History  
The Diamante Fondo Patti is Palermo's main baseball stadium, inaugurated in 1997 for the 1997 Summer Universiade held in Sicily. It was also one of the venues of the Baseball World Cup held in Italy in 1998.

The stadium is located in the northern Palermitan suburb Partanna-Mondello, adjacent to Palermo's main indoor arena, the Palasport Fondo Patti.

Current situation  
Years of non-caring have led to the slow decay of the venue. In April 2014 the City of Palermo, owner of the stadium, announced works to restore both the baseball stadium and the nearby indoor arena.

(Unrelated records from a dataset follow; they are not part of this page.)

(* Let $k\ge 2$ be an integer that is not a perfect square. If either (R1) $k$ is prime, or (R2) $k=\alpha^{n}$ with $\alpha$ prime and $n$ odd, then $R_k=\{0,\,k-1\}$ (so $\upsilon=2$), i.e. every solution $(t,\xi)$ of $T_\xi=kT_t$ satisfies $\xi\equiv 0$ or $\xi\equiv k-1 \pmod k$, and both remainders occur.
   Context: For an integer $m\ge 0$, $T_m=m(m+1)/2$ denotes the $m$-th triangular number. For a non-square integer $k\ge 2$, consider the equation $T_\xi=k\,T_t$ in nonnegative integers $t,\xi$. Let $R_k=\{\xi \bmod k : \exists\, t\ge 0 \text{ with } T_\xi=kT_t\}$, the set of least nonnegative remainders modulo $k$ of all $\xi$ occurring in solutions $(t,\xi)$, and $\upsilon=|R_k|$. *)

theory Defs
  imports "HOL-Computational_Algebra.Primes"
begin

definition tri :: "nat \<Rightarrow> nat" where
  "tri m = m * (m + 1) div 2"

definition R_set :: "nat \<Rightarrow> nat set" where
  "R_set k = {\<xi> mod k | \<xi> t. tri \<xi> = k * tri t}"

end

theory Submission
  imports Defs "HOL-Analysis.Kronecker_Approximation_Theorem"
begin

text \<open>
  Since \<open>T\<^sub>\<xi> = k T\<^sub>t\<close> means \<open>\<xi>(\<xi>+1) = k t(t+1)\<close> and \<open>\<xi>\<close>, \<open>\<xi>+1\<close> are coprime, the prime power
  \<open>k\<close> divides \<open>\<xi>\<close> or \<open>\<xi>+1\<close>; so only the remainders 0 and \<open>k-1\<close> occur, and 0 occurs for
  \<open>\<xi> = t = 0\<close>. Writing \<open>X = 2\<xi>+1\<close>, \<open>Y = 2t+1\<close> turns the equation into
  \<open>X\<^sup>2 - kY\<^sup>2 = 1 - k\<close>. A solution \<open>A\<^sup>2 - kB\<^sup>2 = 1\<close> of Pell's equation with \<open>A\<close> odd and \<open>B\<close>
  even (obtained by squaring any nontrivial one) yields the two odd solutions
  \<open>(X, Y) = (kB \<plusminus> A, A \<plusminus> B)\<close>, whose \<open>\<xi>\<close>-values add up to \<open>kB - 1\<close>; they cannot both be
  divisible by \<open>k\<close>, so \<open>k-1\<close> occurs as well. Pell's equation is solved by the classical
  pigeonhole argument on the infinitely many good rational approximations of \<open>\<surd>k\<close>.
\<close>

lemma sqrt_nonsquare_irrational:
  fixes D :: nat
  assumes "\<not> (\<exists>m. D = m ^ 2)"
  shows "sqrt (real D) \<notin> \<rat>"
proof
  assume "sqrt (real D) \<in> \<rat>"
  then obtain m n :: nat where "n \<noteq> 0" and "\<bar>sqrt (real D)\<bar> = real m / real n" and "coprime m n"
    by (rule Rats_abs_nat_div_natE)
  then have "real n * sqrt (real D) = real m"
    by (simp add: field_simps)
  then have "real D * (real n)\<^sup>2 = (real m)\<^sup>2"
    by (metis of_nat_0_le_iff power_mult_distrib real_sqrt_pow2 mult.commute)
  then have D: "D * n\<^sup>2 = m\<^sup>2"
    by (metis of_nat_eq_iff of_nat_mult of_nat_power)
  have "coprime (n\<^sup>2) (m\<^sup>2)"
    using \<open>coprime m n\<close> by (simp add: coprime_commute)
  moreover have "n\<^sup>2 dvd m\<^sup>2"
    unfolding D[symmetric] by simp
  ultimately have "n = 1"
    using coprime_common_divisor[of "n\<^sup>2" "m\<^sup>2" "n\<^sup>2"] by simp
  with D assms show False
    by auto
qed
(* Let $A$ be an idempotent $\Gamma$-graded ring. For every $M\in A\text{-gr}$ the map $\chi_M:M\to A\cdot\mathrm{HOM}_A(A,M)$ defined by $\chi_M(m)(a)=am$ for $a\in A$ is a graded isomorphism in $A\text{-gr}$, and it is natural in $M$.
   Context: $\Gamma$ is a fixed multiplicative group. Rings are associative $\Gamma$-graded, not necessarily unital; $A$ is idempotent if $A^2=A$. A graded left $A$-module $M$ is unital if $AM=M$ and torsion-free if $Am=0$ implies $m=0$; $A\text{-gr}$ is the category of unital torsion-free graded left $A$-modules with degree-preserving $A$-linear maps. A left $A$-linear map $f:M\to N$ is graded of degree $\sigma$ if $f(M_\tau)\subseteq N_{\tau\sigma}$ for all $\tau$; $\mathrm{HOM}_A(M,N)=\bigoplus_\sigma \mathrm{HOM}_A(M,N)_\sigma$ is graded accordingly. $\mathrm{HOM}_A(A,M)$ is a graded left $A$-module via $(af)(x)=f(xa)$, and $A\cdot\mathrm{HOM}_A(A,M)$ is its submodule of finite sums $\sum a_if_i$. Naturality means: for a morphism $f:M\to N$ in $A\text{-gr}$, composing with $f$ maps $A\cdot\mathrm{HOM}_A(A,M)$ into $A\cdot\mathrm{HOM}_A(A,N)$ and $(f\circ -)\circ\chi_M=\chi_N\circ f$. *)

theory Defs
  imports "HOL-Algebra.Group" "HOL-Library.Function_Algebras"
begin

Due to the city of Palermo's bleak financial situation, non-caring, and vandalism, the Diamante Fondo Patti is currently in a desolate state, as are many of Palermo's sports venues, such  as the Velodromo Paolo Borsellino and the Palasport Fondo Patti. 
This situation led to Palermo losing out its  European Capital of Sport 2016 bid to Prague and Kosice.

Use  
Despite its bad condition, the stadium continues to host baseball games, as it is the only purpose-build venue for these kind sports in Sicily. In the past it was used by third league clubs such as Palermo Baseball and UISP Zisa Palermo. 
In 2010 the baseball club Catania Warriors (now called Catania Warriors Paternò) reached an agreement with the city of Palermo to use the Diamante Fondo Patti for their IBL games. 
In 2012 it also hosted matches by Nine-man football club Cardinals Palermo.